**Exercise requirements**
Every line of the entries below from the one containing "b \<in> fst" to the one containing "using p_least q by force+", both ends included, must be written out exactly. No other line belongs in the answer.

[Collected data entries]
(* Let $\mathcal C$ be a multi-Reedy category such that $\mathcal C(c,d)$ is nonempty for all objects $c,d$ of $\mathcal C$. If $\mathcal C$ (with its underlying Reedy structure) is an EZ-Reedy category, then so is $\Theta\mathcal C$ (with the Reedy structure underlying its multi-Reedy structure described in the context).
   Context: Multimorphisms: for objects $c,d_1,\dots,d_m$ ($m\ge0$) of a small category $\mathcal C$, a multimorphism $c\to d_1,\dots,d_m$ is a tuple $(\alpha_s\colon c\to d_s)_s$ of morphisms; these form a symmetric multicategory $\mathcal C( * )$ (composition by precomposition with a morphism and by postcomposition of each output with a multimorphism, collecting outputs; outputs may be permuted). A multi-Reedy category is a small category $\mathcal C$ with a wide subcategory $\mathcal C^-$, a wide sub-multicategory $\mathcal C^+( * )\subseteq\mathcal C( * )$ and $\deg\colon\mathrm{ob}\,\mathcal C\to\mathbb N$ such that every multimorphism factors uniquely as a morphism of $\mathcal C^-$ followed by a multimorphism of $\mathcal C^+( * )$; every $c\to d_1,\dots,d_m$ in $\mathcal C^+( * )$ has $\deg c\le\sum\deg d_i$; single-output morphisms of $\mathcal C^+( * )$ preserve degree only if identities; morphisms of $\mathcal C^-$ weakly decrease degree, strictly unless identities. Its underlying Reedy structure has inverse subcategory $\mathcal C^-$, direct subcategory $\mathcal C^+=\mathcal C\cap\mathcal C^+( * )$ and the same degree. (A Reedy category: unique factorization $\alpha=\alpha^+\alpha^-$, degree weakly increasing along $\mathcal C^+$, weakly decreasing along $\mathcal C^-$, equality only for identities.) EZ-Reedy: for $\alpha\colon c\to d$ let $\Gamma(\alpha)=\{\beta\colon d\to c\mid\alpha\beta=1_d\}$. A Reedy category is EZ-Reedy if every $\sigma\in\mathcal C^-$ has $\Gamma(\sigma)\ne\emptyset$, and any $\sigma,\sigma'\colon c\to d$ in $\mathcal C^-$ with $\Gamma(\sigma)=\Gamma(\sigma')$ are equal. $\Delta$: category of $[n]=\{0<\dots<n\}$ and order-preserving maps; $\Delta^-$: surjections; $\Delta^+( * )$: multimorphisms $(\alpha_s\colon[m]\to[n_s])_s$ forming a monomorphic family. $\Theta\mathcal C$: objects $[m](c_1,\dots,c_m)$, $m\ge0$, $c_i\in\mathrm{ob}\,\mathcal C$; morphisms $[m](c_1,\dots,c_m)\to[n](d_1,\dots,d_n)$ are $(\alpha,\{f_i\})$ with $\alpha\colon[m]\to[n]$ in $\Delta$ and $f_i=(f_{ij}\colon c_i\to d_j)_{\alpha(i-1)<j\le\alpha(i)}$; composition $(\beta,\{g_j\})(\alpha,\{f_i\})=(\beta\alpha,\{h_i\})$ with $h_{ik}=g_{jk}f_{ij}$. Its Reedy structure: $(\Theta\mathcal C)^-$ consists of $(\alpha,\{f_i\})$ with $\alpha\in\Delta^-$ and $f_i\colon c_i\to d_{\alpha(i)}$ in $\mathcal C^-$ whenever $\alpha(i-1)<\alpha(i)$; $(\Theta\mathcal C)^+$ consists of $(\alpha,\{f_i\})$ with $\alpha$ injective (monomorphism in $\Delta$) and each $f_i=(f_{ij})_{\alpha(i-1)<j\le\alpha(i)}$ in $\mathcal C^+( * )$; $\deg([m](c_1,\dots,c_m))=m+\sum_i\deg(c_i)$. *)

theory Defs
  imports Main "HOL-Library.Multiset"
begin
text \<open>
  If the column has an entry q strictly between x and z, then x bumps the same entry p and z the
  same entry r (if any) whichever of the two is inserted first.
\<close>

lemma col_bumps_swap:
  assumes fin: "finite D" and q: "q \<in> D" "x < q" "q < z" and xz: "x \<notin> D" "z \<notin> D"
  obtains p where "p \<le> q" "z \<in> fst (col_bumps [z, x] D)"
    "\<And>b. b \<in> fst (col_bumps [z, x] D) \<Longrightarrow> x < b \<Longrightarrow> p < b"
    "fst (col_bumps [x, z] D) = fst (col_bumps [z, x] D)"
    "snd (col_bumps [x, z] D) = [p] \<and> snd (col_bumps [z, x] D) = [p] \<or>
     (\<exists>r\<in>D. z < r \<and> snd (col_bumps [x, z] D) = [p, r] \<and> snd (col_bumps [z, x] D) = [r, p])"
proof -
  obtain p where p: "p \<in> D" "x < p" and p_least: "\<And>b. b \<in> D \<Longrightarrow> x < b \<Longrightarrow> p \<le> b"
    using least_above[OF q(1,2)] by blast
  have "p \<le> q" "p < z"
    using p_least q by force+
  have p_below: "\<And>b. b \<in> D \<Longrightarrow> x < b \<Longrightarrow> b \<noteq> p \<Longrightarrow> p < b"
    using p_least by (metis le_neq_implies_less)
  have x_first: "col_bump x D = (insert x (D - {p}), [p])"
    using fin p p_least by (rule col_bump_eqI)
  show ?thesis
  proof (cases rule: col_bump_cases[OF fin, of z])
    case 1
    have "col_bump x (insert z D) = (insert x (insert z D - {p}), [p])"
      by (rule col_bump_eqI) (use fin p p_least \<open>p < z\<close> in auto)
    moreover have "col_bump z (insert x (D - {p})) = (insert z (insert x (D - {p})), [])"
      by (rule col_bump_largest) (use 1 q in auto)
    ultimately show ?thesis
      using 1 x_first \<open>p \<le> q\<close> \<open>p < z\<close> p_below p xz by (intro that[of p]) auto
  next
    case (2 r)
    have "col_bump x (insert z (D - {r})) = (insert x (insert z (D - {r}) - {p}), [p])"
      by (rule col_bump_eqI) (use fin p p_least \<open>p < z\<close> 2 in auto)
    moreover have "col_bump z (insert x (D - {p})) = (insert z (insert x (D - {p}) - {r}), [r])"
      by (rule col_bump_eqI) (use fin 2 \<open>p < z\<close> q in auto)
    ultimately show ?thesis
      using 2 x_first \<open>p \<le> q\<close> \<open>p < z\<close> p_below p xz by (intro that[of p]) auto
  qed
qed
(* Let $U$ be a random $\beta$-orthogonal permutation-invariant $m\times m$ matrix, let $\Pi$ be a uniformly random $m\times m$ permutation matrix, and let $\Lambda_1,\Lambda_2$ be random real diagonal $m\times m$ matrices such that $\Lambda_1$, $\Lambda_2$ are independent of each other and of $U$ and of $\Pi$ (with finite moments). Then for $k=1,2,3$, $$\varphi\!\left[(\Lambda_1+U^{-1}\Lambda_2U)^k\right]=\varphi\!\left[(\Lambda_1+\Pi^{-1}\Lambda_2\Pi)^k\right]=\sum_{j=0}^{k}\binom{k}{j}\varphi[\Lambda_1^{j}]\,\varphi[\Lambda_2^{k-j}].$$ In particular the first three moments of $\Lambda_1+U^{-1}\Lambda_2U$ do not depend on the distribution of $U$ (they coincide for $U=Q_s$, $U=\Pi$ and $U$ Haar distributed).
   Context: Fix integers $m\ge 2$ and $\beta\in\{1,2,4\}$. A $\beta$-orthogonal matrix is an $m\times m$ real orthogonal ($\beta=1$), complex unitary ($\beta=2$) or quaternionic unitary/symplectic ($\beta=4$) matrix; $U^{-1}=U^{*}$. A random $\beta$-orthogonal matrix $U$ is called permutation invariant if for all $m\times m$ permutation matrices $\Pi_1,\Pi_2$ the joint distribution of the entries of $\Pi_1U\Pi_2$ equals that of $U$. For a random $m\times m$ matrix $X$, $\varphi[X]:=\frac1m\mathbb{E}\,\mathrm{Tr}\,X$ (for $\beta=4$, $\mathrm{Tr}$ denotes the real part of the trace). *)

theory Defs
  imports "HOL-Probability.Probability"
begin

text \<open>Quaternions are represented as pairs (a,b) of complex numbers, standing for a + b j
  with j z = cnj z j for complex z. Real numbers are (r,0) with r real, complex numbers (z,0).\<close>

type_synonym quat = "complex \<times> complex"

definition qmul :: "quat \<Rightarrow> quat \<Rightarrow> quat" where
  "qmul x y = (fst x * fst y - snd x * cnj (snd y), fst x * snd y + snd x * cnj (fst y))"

**Result**
    "\<And>b. b \<in> fst (col_bumps [z, x] D) \<Longrightarrow> x < b \<Longrightarrow> p < b"
    "fst (col_bumps [x, z] D) = fst (col_bumps [z, x] D)"
    "snd (col_bumps [x, z] D) = [p] \<and> snd (col_bumps [z, x] D) = [p] \<or>
     (\<exists>r\<in>D. z < r \<and> snd (col_bumps [x, z] D) = [p, r] \<and> snd (col_bumps [z, x] D) = [r, p])"
proof -
  obtain p where p: "p \<in> D" "x < p" and p_least: "\<And>b. b \<in> D \<Longrightarrow> x < b \<Longrightarrow> p \<le> b"
    using least_above[OF q(1,2)] by blast
  have "p \<le> q" "p < z"
    using p_least q by force+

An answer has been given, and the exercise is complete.